---------- DATA FOR THE TASK ----------

(* Let $\mathcal X=\{x_{n,k}\}$ be a Marcinkiewicz–Zygmund family on $\mathbb T$ with weights $\tau=\{\tau_{n,k}\}$ and constants $A,B>0$ (as in the context). Let $f\in C(\mathbb T)$, $n\in\mathbb N$, let $P_nf=\sum_{|k|\le n}\hat f(k)e^{2\pi ikx}$ be the orthogonal projection of $f$ onto $\mathcal T_n$, and let $p_n=\operatorname{argmin}_{p\in\mathcal T_n}\sum_{k=1}^{L_n}|f(x_{n,k})-p(x_{n,k})|^2\tau_{n,k}$. Then $$\|P_nf-p_n\|_2^2\le A^{-2}B\sum_{k=1}^{L_n}|f(x_{n,k})-P_nf(x_{n,k})|^2\tau_{n,k}.$$
   Context: $\mathbb T=\mathbb R/\mathbb Z$, identified with $(-1/2,1/2]$, with Lebesgue measure; $\|\cdot\|_2$ is the $L^2(\mathbb T)$-norm. $\mathcal T_n$ is the space of trigonometric polynomials $\sum_{k=-n}^n c_ke^{2\pi ikx}$; $\hat f(k)=\int_0^1 f(x)e^{-2\pi ikx}dx$. A doubly-indexed set $\mathcal X=\{x_{n,k}: n\in\mathbb N, k=1,\dots,L_n\}\subseteq\mathbb T$ with weights $\tau_{n,k}>0$ is a Marcinkiewicz–Zygmund family if there are constants $A,B>0$ independent of $n$ with $A\|p\|_2^2\le\sum_{k=1}^{L_n}|p(x_{n,k})|^2\tau_{n,k}\le B\|p\|_2^2$ for all $p\in\mathcal T_n$, $n\in\mathbb N$. *)

theory Defs
  imports "HOL-Analysis.Analysis"
begin

text \<open>Functions on the torus are modelled as 1-periodic functions real => complex.\<close>

definition trig_poly :: "nat \<Rightarrow> (real \<Rightarrow> complex) \<Rightarrow> bool" where
  "trig_poly n p \<longleftrightarrow> (\<exists>c :: int \<Rightarrow> complex.
     p = (\<lambda>x. \<Sum>k\<in>{-int n..int n}. c k * exp (2 * of_real pi * \<i> * of_int k * of_real x)))"

definition fourier_coeff :: "(real \<Rightarrow> complex) \<Rightarrow> int \<Rightarrow> complex" where
  "fourier_coeff f k = integral {0..1} (\<lambda>x. f x * exp (- (2 * of_real pi * \<i> * of_int k * of_real x)))"

definition fourier_proj :: "nat \<Rightarrow> (real \<Rightarrow> complex) \<Rightarrow> real \<Rightarrow> complex" where
  "fourier_proj n f = (\<lambda>x. \<Sum>k\<in>{-int n..int n}. fourier_coeff f k * exp (2 * of_real pi * \<i> * of_int k * of_real x))"

definition l2_norm_sq :: "(real \<Rightarrow> complex) \<Rightarrow> real" where
  "l2_norm_sq g = integral {0..1} (\<lambda>x. (cmod (g x))\<^sup>2)"

definition MZ_family :: "(nat \<Rightarrow> nat \<Rightarrow> real) \<Rightarrow> (nat \<Rightarrow> nat \<Rightarrow> real) \<Rightarrow> (nat \<Rightarrow> nat)
    \<Rightarrow> real \<Rightarrow> real \<Rightarrow> bool" where
  "MZ_family X \<tau> L A B \<longleftrightarrow> A > 0 \<and> B > 0 \<and>
     (\<forall>n\<ge>1. \<forall>k\<in>{1..L n}. \<tau> n k > 0 \<and> X n k \<in> {-1/2<..1/2}) \<and>
     (\<forall>n\<ge>1. \<forall>p. trig_poly n p \<longrightarrow>
        A * l2_norm_sq p \<le> (\<Sum>k=1..L n. (cmod (p (X n k)))\<^sup>2 * \<tau> n k) \<and>
        (\<Sum>k=1..L n. (cmod (p (X n k)))\<^sup>2 * \<tau> n k) \<le> B * l2_norm_sq p)"

end

theory Submission
  imports Defs
begin

text \<open>The discrete least squares approximation \<open>p\<^sub>n\<close> is the orthogonal projection of \<open>f\<close> onto
  \<open>\<T>\<^sub>n\<close> for the weighted discrete inner product \<open>\<langle>g, h\<rangle>\<^sub>\<tau> = \<Sum>\<^sub>k g(x\<^sub>n\<^sub>,\<^sub>k) cnj(h(x\<^sub>n\<^sub>,\<^sub>k)) \<tau>\<^sub>n\<^sub>,\<^sub>k\<close>.
  Since \<open>P\<^sub>nf - p\<^sub>n \<in> \<T>\<^sub>n\<close>, Pythagoras gives \<open>\<parallel>P\<^sub>nf - p\<^sub>n\<parallel>\<^sub>\<tau>\<^sup>2 \<le> \<parallel>f - P\<^sub>nf\<parallel>\<^sub>\<tau>\<^sup>2\<close>, and the lower
  Marcinkiewicz-Zygmund inequality turns the left-hand side into \<open>A \<parallel>P\<^sub>nf - p\<^sub>n\<parallel>\<^sub>2\<^sup>2\<close>. This yields the
  constant \<open>1/A\<close>, which is at most \<open>B/A\<^sup>2\<close> because testing the MZ inequalities on the constant
  polynomial 1 shows \<open>A \<le> B\<close>. Only the values of \<open>f\<close> at the nodes enter, so its continuity
  and periodicity are not needed.\<close>

lemma trig_poly_diff:
  assumes "trig_poly n p" "trig_poly n q"
  shows "trig_poly n (\<lambda>x. p x - q x)"
proof -
  obtain c where c: "p = (\<lambda>x. \<Sum>k\<in>{-int n..int n}. c k * exp (2 * of_real pi * \<i> * of_int k * of_real x))"
    using assms(1) unfolding trig_poly_def by blast
  obtain e where e: "q = (\<lambda>x. \<Sum>k\<in>{-int n..int n}. e k * exp (2 * of_real pi * \<i> * of_int k * of_real x))"
    using assms(2) unfolding trig_poly_def by blast
  show ?thesis unfolding trig_poly_def
    by (intro exI[of _ "\<lambda>k. c k - e k"]) (simp add: c e fun_eq_iff left_diff_distrib sum_subtractf)
qed

lemma trig_poly_add_cmult:
  assumes "trig_poly n p" "trig_poly n q"
  shows "trig_poly n (\<lambda>x. p x + a * q x)"
proof -
  obtain c where c: "p = (\<lambda>x. \<Sum>k\<in>{-int n..int n}. c k * exp (2 * of_real pi * \<i> * of_int k * of_real x))"
    using assms(1) unfolding trig_poly_def by blast
  obtain e where e: "q = (\<lambda>x. \<Sum>k\<in>{-int n..int n}. e k * exp (2 * of_real pi * \<i> * of_int k * of_real x))"
    using assms(2) unfolding trig_poly_def by blast
  show ?thesis unfolding trig_poly_def
    by (intro exI[of _ "\<lambda>k. c k + a * e k"])
       (simp add: c e fun_eq_iff distrib_right sum.distrib sum_distrib_left mult.assoc)
qed

lemma trig_poly_fourier_proj: "trig_poly n (fourier_proj n f)"
  unfolding trig_poly_def fourier_proj_def by blast

lemma trig_poly_one: "trig_poly n (\<lambda>x. 1)"
proof -
  have "(\<Sum>k\<in>{-int n..int n}. (if k = 0 then 1 else 0) * exp (2 * of_real pi * \<i> * of_int k * of_real x))
      = (1::complex)" for x
  proof -
    have "(\<Sum>k\<in>{-int n..int n}. (if k = 0 then 1 else 0) * exp (2 * of_real pi * \<i> * of_int k * of_real x))
       = (\<Sum>k\<in>{-int n..int n}. (if k = 0 then exp (2 * of_real pi * \<i> * of_int k * of_real x) else 0))"
      by (intro sum.cong) auto
    then show ?thesis by simp
  qed
  then show ?thesis unfolding trig_poly_def
    by (intro exI[of _ "\<lambda>k. if k = 0 then 1 else 0"]) (simp add: fun_eq_iff)
qed

lemma l2_norm_sq_one: "l2_norm_sq (\<lambda>x. 1) = 1"
  unfolding l2_norm_sq_def by simp

lemma MZ_family_weights_pos:
  assumes "MZ_family X \<tau> L A B" "n \<ge> 1" "k \<in> {1..L n}"
  shows "\<tau> n k > 0"
  using assms unfolding MZ_family_def by blast

lemma MZ_family_lower:
  assumes "MZ_family X \<tau> L A B" "n \<ge> 1" "trig_poly n p"
  shows "A * l2_norm_sq p \<le> (\<Sum>k=1..L n. (cmod (p (X n k)))\<^sup>2 * \<tau> n k)"
  using assms unfolding MZ_family_def by blast

lemma MZ_family_constants_le:
  assumes "MZ_family X \<tau> L A B"
  shows "A \<le> B"
proof -
  have "A * l2_norm_sq (\<lambda>x. 1) \<le> (\<Sum>k=1..L 1. (cmod 1)\<^sup>2 * \<tau> 1 k)"
    "(\<Sum>k=1..L 1. (cmod 1)\<^sup>2 * \<tau> 1 k) \<le> B * l2_norm_sq (\<lambda>x. 1)"
    using assms trig_poly_one[of 1] unfolding MZ_family_def by (blast, blast)
  then show ?thesis by (simp add: l2_norm_sq_one)
qed

lemma quadratic_nonneg_imp_linear_coeff_zero:
  fixes a b :: real
  assumes "\<And>t. 0 \<le> t\<^sup>2 * b - 2 * t * a"
  shows "a = 0"
proof -
  define c where "c = \<bar>b\<bar> + 1"
  have c: "c > 0" "b < 2 * c" unfolding c_def by auto
  have "0 \<le> (a / c)\<^sup>2 * b - 2 * (a / c) * a" by (rule assms)
  then have "0 \<le> a\<^sup>2 * (b - 2 * c)"
    using c by (simp add: field_simps power2_eq_square)
  then have "a\<^sup>2 \<le> 0"
    using c by (simp add: zero_le_mult_iff)
  then show ?thesis by simp
qed

lemma weighted_sq_sum_expand:
  fixes r d :: "'i \<Rightarrow> complex" and w :: "'i \<Rightarrow> real" and t :: real
  shows "(\<Sum>k\<in>K. (cmod (r k - t * d k))\<^sup>2 * w k)
       = (\<Sum>k\<in>K. (cmod (r k))\<^sup>2 * w k) - 2 * t * (\<Sum>k\<in>K. Re (r k * cnj (d k)) * w k)
         + t\<^sup>2 * (\<Sum>k\<in>K. (cmod (d k))\<^sup>2 * w k)"
proof -
  have "(cmod (r k - t * d k))\<^sup>2 = (cmod (r k))\<^sup>2 - 2 * t * Re (r k * cnj (d k)) + t\<^sup>2 * (cmod (d k))\<^sup>2"
    for k
    unfolding cmod_power2 by (simp add: power2_eq_square algebra_simps)
  then have "(\<Sum>k\<in>K. (cmod (r k - t * d k))\<^sup>2 * w k)
      = (\<Sum>k\<in>K. ((cmod (r k))\<^sup>2 - 2 * t * Re (r k * cnj (d k)) + t\<^sup>2 * (cmod (d k))\<^sup>2) * w k)"
    by (intro sum.cong) simp_all
  also have "\<dots> = (\<Sum>k\<in>K. (cmod (r k))\<^sup>2 * w k) - 2 * t * (\<Sum>k\<in>K. Re (r k * cnj (d k)) * w k)
         + t\<^sup>2 * (\<Sum>k\<in>K. (cmod (d k))\<^sup>2 * w k)"
    by (simp add: left_diff_distrib distrib_right distrib_left sum.distrib sum_subtractf sum_distrib_left mult.assoc)
  finally show ?thesis .
qed

lemma weighted_least_squares_pythagoras:
  fixes r d :: "'i \<Rightarrow> complex" and w :: "'i \<Rightarrow> real"
  assumes "\<And>t::real. (\<Sum>k\<in>K. (cmod (r k))\<^sup>2 * w k) \<le> (\<Sum>k\<in>K. (cmod (r k - t * d k))\<^sup>2 * w k)"
  shows "(\<Sum>k\<in>K. (cmod (r k - d k))\<^sup>2 * w k)
       = (\<Sum>k\<in>K. (cmod (r k))\<^sup>2 * w k) + (\<Sum>k\<in>K. (cmod (d k))\<^sup>2 * w k)"
proof -
  have "(\<Sum>k\<in>K. Re (r k * cnj (d k)) * w k) = 0"
    using assms by (intro quadratic_nonneg_imp_linear_coeff_zero) (simp add: weighted_sq_sum_expand)
  then show ?thesis
    using weighted_sq_sum_expand[of r 1 d w K] by simp
qed

theorem proposition2p5:
  fixes X \<tau> :: "nat \<Rightarrow> nat \<Rightarrow> real" and L :: "nat \<Rightarrow> nat" and A B :: real
    and f pn :: "real \<Rightarrow> complex" and n :: nat
  assumes MZ: "MZ_family X \<tau> L A B"
    and f_cont: "continuous_on UNIV f"
    and f_per: "\<forall>x. f (x + 1) = f x"
    and n: "n \<ge> 1"
    and pn_poly: "trig_poly n pn"
    and pn_min: "\<forall>p. trig_poly n p \<longrightarrow>
        (\<Sum>k=1..L n. (cmod (f (X n k) - pn (X n k)))\<^sup>2 * \<tau> n k)
          \<le> (\<Sum>k=1..L n. (cmod (f (X n k) - p (X n k)))\<^sup>2 * \<tau> n k)"
  shows "l2_norm_sq (\<lambda>x. fourier_proj n f x - pn x)
     \<le> B / A\<^sup>2 * (\<Sum>k=1..L n. (cmod (f (X n k) - fourier_proj n f (X n k)))\<^sup>2 * \<tau> n k)"
proof -
  define q where "q = fourier_proj n f"
  define S where "S = (\<Sum>k=1..L n. (cmod (f (X n k) - q (X n k)))\<^sup>2 * \<tau> n k)"
  have A: "A > 0" using MZ unfolding MZ_family_def by simp
  have d_poly: "trig_poly n (\<lambda>x. q x - pn x)"
    unfolding q_def by (intro trig_poly_diff trig_poly_fourier_proj pn_poly)
  have "(\<Sum>k=1..L n. (cmod (f (X n k) - pn (X n k)))\<^sup>2 * \<tau> n k)
      \<le> (\<Sum>k=1..L n. (cmod (f (X n k) - pn (X n k) - t * (q (X n k) - pn (X n k))))\<^sup>2 * \<tau> n k)" for t :: real
  proof -
    have "trig_poly n (\<lambda>x. pn x + t * (q x - pn x))"
      by (rule trig_poly_add_cmult[OF pn_poly d_poly])
    from pn_min[rule_format, OF this] show ?thesis by (simp add: diff_diff_eq)
  qed
  then have pythagoras: "S = (\<Sum>k=1..L n. (cmod (f (X n k) - pn (X n k)))\<^sup>2 * \<tau> n k)
      + (\<Sum>k=1..L n. (cmod (q (X n k) - pn (X n k)))\<^sup>2 * \<tau> n k)"
    unfolding S_def by (subst weighted_least_squares_pythagoras[symmetric]) simp_all
  have weighted_nonneg: "0 \<le> (\<Sum>k=1..L n. (cmod (g k))\<^sup>2 * \<tau> n k)" for g :: "nat \<Rightarrow> complex"
    using MZ_family_weights_pos[OF MZ n] by (intro sum_nonneg) (simp add: less_imp_le)
  have S_nonneg: "0 \<le> S"
    unfolding S_def by (rule weighted_nonneg)
  have "A * l2_norm_sq (\<lambda>x. q x - pn x) \<le> S"
    using MZ_family_lower[OF MZ n d_poly] pythagoras weighted_nonneg[of "\<lambda>k. f (X n k) - pn (X n k)"]
    by simp
  then have "l2_norm_sq (\<lambda>x. q x - pn x) \<le> A / A\<^sup>2 * S"
    using A by (simp add: field_simps power2_eq_square)
  also have "\<dots> \<le> B / A\<^sup>2 * S"
    using MZ_family_constants_le[OF MZ] S_nonneg by (intro mult_right_mono divide_right_mono) auto
  finally show ?thesis unfolding S_def q_def .
qed

end
lemma nn_integral_truncated_completion_time_le:
  assumes "2 \<le> k" "finite S" "card S \<le> k"
  shows "(\<integral>\<^sup>+ \<omega>. truncated_completion_time N S \<omega> \<partial>chan_space k) \<le> ennreal (potential k (card S))"
  using assms(2,3)
proof (induction N arbitrary: S)
  case 0
  then show ?case by (simp add: truncated_completion_time_def)
next
  case (Suc N)
  interpret chan: prob_space "chan_space k" by (rule prob_space_chan_space)
  interpret slot: prob_space "slot_space k" by (rule prob_space_slot_space)
  define c :: ennreal where "c = (if S = {} then 0 else 1)"
  have colliders: "finite (colliders S x)" "card (colliders S x) \<le> k" for x
    using finite_subset[OF colliders_subset Suc.prems(1)]
      card_colliders_le[OF Suc.prems(1), of x] Suc.prems(2)
    by auto
  have "(\<integral>\<^sup>+ \<omega>. truncated_completion_time (Suc N) S \<omega> \<partial>chan_space k) =
      (\<integral>\<^sup>+ x. (\<integral>\<^sup>+ \<omega>. c + truncated_completion_time N (colliders S x) \<omega> \<partial>chan_space k)
        \<partial>slot_space k)"
    using borel_measurable_truncated_completion_time[OF Suc.prems(1)]
    by (simp add: nn_integral_chan_space_case_nat truncated_completion_time_case_nat c_def)
  also have "\<dots> = (\<integral>\<^sup>+ x. c +
      (\<integral>\<^sup>+ \<omega>. truncated_completion_time N (colliders S x) \<omega> \<partial>chan_space k) \<partial>slot_space k)"
    using colliders borel_measurable_truncated_completion_time
    by (simp add: nn_integral_add chan.emeasure_space_1[simplified])
  also have "\<dots> \<le> (\<integral>\<^sup>+ x. c + ennreal (potential k (card (colliders S x))) \<partial>slot_space k)"
    using colliders Suc.IH by (intro nn_integral_mono add_left_mono) auto
  also have "\<dots> = c + (\<integral>\<^sup>+ x. ennreal (potential k (card (colliders S x))) \<partial>slot_space k)"
    using measurable_compose[OF measurable_card_colliders[OF Suc.prems(1)]
        borel_measurable_count_space[of "\<lambda>j. ennreal (potential k j)" UNIV]]
    by (subst nn_integral_add) (auto simp: slot.emeasure_space_1[simplified])
  also have "\<dots> \<le> ennreal (potential k (card S))"
    unfolding c_def using assms(1) Suc.prems by (rule one_slot_potential_bound)
  finally show ?case .
qed

theorem lemma8:
  fixes k n :: nat
  assumes "2 \<le> k" and "2 \<le> n" and "n \<le> k"
  shows "(\<integral>\<^sup>+ \<omega>. completion_time n \<omega> \<partial>chan_space k)
           \<le> ennreal (ln (real n / 2) / (1 - ln (exp 1 - 1)) + inverse (1 - 1 / real k))"
proof -
  have "(\<integral>\<^sup>+ \<omega>. completion_time n \<omega> \<partial>chan_space k) =
      (\<integral>\<^sup>+ \<omega>. (SUP N. truncated_completion_time N {..<n} \<omega>) \<partial>chan_space k)"
    by (simp add: completion_time_eq_SUP)
  also have "\<dots> = (SUP N. \<integral>\<^sup>+ \<omega>. truncated_completion_time N {..<n} \<omega> \<partial>chan_space k)"
    by (intro nn_integral_monotone_convergence_SUP incseq_truncated_completion_time
        borel_measurable_truncated_completion_time) simp
  also have "\<dots> \<le> ennreal (potential k n)"
    using nn_integral_truncated_completion_time_le[OF assms(1), of "{..<n}"] assms
    by (intro SUP_least) simp
  also have "potential k n = ln (real n / 2) / (1 - ln (exp 1 - 1)) + inverse (1 - 1 / real k)"
    using assms by (simp add: potential_def shrink_rate_def)
  finally show ?thesis .
qed

end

----------

WORK TO BE COMPLETED:
Give the count of lines in the data shown above that contain "imports", and nothing else.

WRITTEN ANSWER:
2